§ **Work task**: Work out how many lines of the records hold the string "dots", and reply with that number alone.

§ **Recorded information**:
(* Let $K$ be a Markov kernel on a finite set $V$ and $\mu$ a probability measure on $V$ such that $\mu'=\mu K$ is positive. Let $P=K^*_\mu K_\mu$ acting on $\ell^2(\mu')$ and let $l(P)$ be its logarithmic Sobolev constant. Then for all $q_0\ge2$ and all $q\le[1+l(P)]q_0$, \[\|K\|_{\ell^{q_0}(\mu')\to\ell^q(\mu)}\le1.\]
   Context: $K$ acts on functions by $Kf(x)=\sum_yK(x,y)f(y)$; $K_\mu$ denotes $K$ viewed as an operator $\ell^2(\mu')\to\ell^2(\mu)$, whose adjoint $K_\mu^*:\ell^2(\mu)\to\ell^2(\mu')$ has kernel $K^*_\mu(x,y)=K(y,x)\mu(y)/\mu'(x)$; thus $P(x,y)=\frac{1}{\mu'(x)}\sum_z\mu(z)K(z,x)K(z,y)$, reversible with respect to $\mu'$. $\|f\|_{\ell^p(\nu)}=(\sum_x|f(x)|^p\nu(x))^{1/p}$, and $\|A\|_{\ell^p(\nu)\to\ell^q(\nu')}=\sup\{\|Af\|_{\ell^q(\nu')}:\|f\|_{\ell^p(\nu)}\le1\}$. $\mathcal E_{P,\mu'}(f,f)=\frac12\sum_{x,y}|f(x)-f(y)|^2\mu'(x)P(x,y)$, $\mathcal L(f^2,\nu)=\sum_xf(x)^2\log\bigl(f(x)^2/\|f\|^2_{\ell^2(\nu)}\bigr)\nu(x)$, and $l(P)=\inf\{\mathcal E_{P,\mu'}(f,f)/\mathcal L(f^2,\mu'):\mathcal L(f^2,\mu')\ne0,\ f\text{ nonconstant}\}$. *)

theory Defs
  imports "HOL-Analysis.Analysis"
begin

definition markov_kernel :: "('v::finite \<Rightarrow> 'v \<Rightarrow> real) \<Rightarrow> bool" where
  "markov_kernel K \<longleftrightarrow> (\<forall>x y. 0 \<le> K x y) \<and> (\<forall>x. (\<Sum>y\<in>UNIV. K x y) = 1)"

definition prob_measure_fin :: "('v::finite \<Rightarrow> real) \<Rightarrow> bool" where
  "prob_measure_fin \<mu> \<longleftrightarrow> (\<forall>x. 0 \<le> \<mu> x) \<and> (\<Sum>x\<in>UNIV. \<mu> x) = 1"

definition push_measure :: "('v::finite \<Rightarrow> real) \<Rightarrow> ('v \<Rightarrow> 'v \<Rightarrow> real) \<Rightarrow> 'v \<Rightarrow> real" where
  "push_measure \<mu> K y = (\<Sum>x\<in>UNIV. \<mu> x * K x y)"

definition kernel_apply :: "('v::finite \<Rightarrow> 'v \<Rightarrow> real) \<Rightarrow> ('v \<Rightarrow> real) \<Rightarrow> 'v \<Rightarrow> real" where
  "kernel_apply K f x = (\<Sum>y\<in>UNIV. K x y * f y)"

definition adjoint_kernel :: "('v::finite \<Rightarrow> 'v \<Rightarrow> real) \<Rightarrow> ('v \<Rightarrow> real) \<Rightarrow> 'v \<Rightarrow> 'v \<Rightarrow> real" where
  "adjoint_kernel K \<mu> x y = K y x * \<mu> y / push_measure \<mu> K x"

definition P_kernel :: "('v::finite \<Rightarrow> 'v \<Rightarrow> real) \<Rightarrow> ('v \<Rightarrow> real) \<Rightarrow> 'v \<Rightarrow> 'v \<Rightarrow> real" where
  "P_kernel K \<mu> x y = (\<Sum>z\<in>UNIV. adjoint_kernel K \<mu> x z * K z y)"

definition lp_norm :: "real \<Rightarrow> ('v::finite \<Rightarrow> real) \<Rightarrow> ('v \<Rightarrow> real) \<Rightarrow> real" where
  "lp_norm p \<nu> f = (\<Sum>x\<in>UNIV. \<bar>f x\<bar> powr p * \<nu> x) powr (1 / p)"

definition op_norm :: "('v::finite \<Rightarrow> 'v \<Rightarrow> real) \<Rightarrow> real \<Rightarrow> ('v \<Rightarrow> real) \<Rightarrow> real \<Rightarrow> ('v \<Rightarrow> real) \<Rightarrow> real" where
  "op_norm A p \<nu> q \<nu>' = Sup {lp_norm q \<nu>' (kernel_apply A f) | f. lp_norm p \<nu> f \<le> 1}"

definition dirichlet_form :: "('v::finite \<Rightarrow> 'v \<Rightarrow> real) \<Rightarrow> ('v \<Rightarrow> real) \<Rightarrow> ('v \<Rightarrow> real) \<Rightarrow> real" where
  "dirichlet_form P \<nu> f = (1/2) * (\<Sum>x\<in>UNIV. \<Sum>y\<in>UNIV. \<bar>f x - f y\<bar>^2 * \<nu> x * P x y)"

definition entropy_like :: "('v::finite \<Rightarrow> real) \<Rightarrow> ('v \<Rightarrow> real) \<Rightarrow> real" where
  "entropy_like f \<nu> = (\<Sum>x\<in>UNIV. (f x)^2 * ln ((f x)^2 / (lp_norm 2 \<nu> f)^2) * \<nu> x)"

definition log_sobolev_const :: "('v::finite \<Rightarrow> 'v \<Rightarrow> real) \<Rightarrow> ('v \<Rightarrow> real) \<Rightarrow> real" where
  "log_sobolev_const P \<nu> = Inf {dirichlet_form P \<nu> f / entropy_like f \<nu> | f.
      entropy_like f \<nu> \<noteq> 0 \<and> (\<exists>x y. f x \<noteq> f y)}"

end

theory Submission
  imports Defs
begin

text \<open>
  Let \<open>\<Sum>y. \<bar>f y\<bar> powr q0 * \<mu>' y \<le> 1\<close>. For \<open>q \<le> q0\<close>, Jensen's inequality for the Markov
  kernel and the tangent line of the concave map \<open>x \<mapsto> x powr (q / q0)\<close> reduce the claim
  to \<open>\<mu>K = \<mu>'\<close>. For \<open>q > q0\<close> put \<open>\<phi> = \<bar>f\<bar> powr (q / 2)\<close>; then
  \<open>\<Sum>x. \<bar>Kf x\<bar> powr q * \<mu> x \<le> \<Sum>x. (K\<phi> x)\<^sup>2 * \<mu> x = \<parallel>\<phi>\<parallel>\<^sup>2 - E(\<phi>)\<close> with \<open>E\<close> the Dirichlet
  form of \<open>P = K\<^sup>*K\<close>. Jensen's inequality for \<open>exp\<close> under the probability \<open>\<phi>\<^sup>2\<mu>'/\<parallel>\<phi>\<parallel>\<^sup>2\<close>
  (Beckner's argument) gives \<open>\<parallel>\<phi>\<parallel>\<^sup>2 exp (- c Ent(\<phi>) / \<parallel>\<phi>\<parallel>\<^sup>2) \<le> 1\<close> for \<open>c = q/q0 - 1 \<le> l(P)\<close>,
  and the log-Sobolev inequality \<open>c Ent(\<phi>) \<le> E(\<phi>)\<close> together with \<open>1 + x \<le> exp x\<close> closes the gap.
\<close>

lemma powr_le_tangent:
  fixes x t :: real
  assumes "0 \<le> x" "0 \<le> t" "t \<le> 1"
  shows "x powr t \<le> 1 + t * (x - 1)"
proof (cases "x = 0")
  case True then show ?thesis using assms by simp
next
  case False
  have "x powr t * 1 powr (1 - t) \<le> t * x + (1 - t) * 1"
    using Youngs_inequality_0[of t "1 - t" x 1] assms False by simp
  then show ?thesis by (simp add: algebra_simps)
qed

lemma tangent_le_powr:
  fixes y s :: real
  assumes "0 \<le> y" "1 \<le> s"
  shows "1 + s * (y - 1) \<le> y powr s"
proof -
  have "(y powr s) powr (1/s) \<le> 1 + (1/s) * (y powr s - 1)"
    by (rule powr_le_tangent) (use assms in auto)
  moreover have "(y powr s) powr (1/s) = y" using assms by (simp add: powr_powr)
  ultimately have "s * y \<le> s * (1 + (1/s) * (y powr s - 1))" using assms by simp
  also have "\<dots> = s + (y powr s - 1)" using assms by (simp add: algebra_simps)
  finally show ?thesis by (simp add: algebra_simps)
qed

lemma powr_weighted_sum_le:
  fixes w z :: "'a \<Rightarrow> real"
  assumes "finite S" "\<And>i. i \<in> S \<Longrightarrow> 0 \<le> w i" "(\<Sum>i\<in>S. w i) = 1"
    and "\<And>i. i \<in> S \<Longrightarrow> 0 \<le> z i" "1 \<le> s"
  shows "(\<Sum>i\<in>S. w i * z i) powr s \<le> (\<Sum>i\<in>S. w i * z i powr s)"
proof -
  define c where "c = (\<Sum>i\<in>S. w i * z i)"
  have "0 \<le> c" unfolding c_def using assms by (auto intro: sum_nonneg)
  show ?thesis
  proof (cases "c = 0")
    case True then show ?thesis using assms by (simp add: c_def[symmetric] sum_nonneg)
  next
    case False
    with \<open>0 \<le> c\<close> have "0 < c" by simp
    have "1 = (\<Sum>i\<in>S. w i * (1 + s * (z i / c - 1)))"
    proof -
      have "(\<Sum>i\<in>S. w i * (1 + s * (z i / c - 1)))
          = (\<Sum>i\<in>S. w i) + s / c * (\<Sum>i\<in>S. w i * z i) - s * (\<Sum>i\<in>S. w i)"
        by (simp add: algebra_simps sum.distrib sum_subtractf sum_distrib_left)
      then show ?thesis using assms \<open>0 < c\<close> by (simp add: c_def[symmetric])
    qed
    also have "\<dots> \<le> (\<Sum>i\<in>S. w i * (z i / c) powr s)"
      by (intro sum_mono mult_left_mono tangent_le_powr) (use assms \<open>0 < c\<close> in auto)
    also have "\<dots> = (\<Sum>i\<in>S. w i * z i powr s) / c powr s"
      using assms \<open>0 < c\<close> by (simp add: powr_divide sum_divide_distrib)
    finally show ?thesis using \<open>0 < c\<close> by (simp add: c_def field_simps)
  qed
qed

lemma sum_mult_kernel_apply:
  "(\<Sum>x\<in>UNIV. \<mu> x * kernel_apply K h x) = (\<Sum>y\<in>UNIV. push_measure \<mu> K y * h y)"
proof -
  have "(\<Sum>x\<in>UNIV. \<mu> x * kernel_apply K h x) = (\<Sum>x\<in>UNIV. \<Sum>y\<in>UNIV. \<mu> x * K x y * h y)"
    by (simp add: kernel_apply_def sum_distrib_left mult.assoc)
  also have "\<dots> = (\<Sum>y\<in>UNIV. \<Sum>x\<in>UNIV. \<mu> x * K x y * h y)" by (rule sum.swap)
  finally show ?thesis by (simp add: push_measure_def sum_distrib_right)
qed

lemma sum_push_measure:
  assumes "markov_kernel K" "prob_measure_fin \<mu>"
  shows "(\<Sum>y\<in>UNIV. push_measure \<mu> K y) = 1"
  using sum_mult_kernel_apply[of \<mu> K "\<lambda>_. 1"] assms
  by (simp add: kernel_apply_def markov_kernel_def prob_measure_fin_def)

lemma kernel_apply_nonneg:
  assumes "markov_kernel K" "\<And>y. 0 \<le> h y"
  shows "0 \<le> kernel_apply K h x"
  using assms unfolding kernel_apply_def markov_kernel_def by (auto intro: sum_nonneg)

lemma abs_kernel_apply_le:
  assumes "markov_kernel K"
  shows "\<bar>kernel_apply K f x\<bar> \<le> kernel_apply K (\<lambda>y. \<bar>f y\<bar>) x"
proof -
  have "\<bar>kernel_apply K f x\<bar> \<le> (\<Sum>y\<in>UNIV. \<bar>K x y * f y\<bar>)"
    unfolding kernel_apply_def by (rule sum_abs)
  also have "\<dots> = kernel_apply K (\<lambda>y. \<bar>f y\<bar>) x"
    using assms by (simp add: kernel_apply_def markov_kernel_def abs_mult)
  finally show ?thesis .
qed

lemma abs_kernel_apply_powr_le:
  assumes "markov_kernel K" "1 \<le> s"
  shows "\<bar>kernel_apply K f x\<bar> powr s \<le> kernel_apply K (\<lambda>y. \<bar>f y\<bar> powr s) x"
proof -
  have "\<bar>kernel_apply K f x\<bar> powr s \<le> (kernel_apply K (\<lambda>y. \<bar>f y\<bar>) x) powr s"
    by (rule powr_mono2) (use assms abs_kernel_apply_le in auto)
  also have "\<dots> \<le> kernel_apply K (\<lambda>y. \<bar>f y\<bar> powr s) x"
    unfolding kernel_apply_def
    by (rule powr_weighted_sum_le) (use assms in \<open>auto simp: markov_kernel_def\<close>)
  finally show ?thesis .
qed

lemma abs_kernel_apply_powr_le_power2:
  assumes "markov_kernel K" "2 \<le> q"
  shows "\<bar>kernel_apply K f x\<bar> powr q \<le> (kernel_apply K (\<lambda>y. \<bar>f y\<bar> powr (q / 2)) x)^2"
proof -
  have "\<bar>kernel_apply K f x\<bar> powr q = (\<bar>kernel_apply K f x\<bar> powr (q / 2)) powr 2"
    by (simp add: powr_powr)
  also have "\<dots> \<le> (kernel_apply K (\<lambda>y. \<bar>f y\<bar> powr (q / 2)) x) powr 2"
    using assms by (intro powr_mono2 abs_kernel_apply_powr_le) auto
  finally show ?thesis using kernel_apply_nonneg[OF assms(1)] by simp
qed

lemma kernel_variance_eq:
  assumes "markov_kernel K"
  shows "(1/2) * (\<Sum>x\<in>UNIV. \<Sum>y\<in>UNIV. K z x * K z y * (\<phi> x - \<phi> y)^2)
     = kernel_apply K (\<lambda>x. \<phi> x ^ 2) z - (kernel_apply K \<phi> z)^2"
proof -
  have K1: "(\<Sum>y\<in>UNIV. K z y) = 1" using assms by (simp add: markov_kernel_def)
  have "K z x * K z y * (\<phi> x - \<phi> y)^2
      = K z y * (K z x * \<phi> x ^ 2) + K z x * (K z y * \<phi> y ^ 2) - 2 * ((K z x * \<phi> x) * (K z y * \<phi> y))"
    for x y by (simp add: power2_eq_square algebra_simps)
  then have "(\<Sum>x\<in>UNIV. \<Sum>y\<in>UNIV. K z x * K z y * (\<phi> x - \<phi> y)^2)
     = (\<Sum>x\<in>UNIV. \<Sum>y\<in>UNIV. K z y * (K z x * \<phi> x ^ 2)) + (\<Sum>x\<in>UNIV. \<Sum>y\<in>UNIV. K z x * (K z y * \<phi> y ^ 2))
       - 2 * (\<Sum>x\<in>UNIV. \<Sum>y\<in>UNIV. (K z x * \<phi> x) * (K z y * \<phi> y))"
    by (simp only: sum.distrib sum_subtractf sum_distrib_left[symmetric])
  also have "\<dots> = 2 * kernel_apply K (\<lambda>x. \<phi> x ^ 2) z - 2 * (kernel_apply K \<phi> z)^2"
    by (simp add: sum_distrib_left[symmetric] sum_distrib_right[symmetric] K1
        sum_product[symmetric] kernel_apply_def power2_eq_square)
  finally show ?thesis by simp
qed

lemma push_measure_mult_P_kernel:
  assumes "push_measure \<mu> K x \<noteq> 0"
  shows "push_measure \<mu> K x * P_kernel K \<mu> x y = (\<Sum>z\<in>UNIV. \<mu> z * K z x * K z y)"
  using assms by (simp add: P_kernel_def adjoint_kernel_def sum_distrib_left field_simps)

§ **Response below**: 8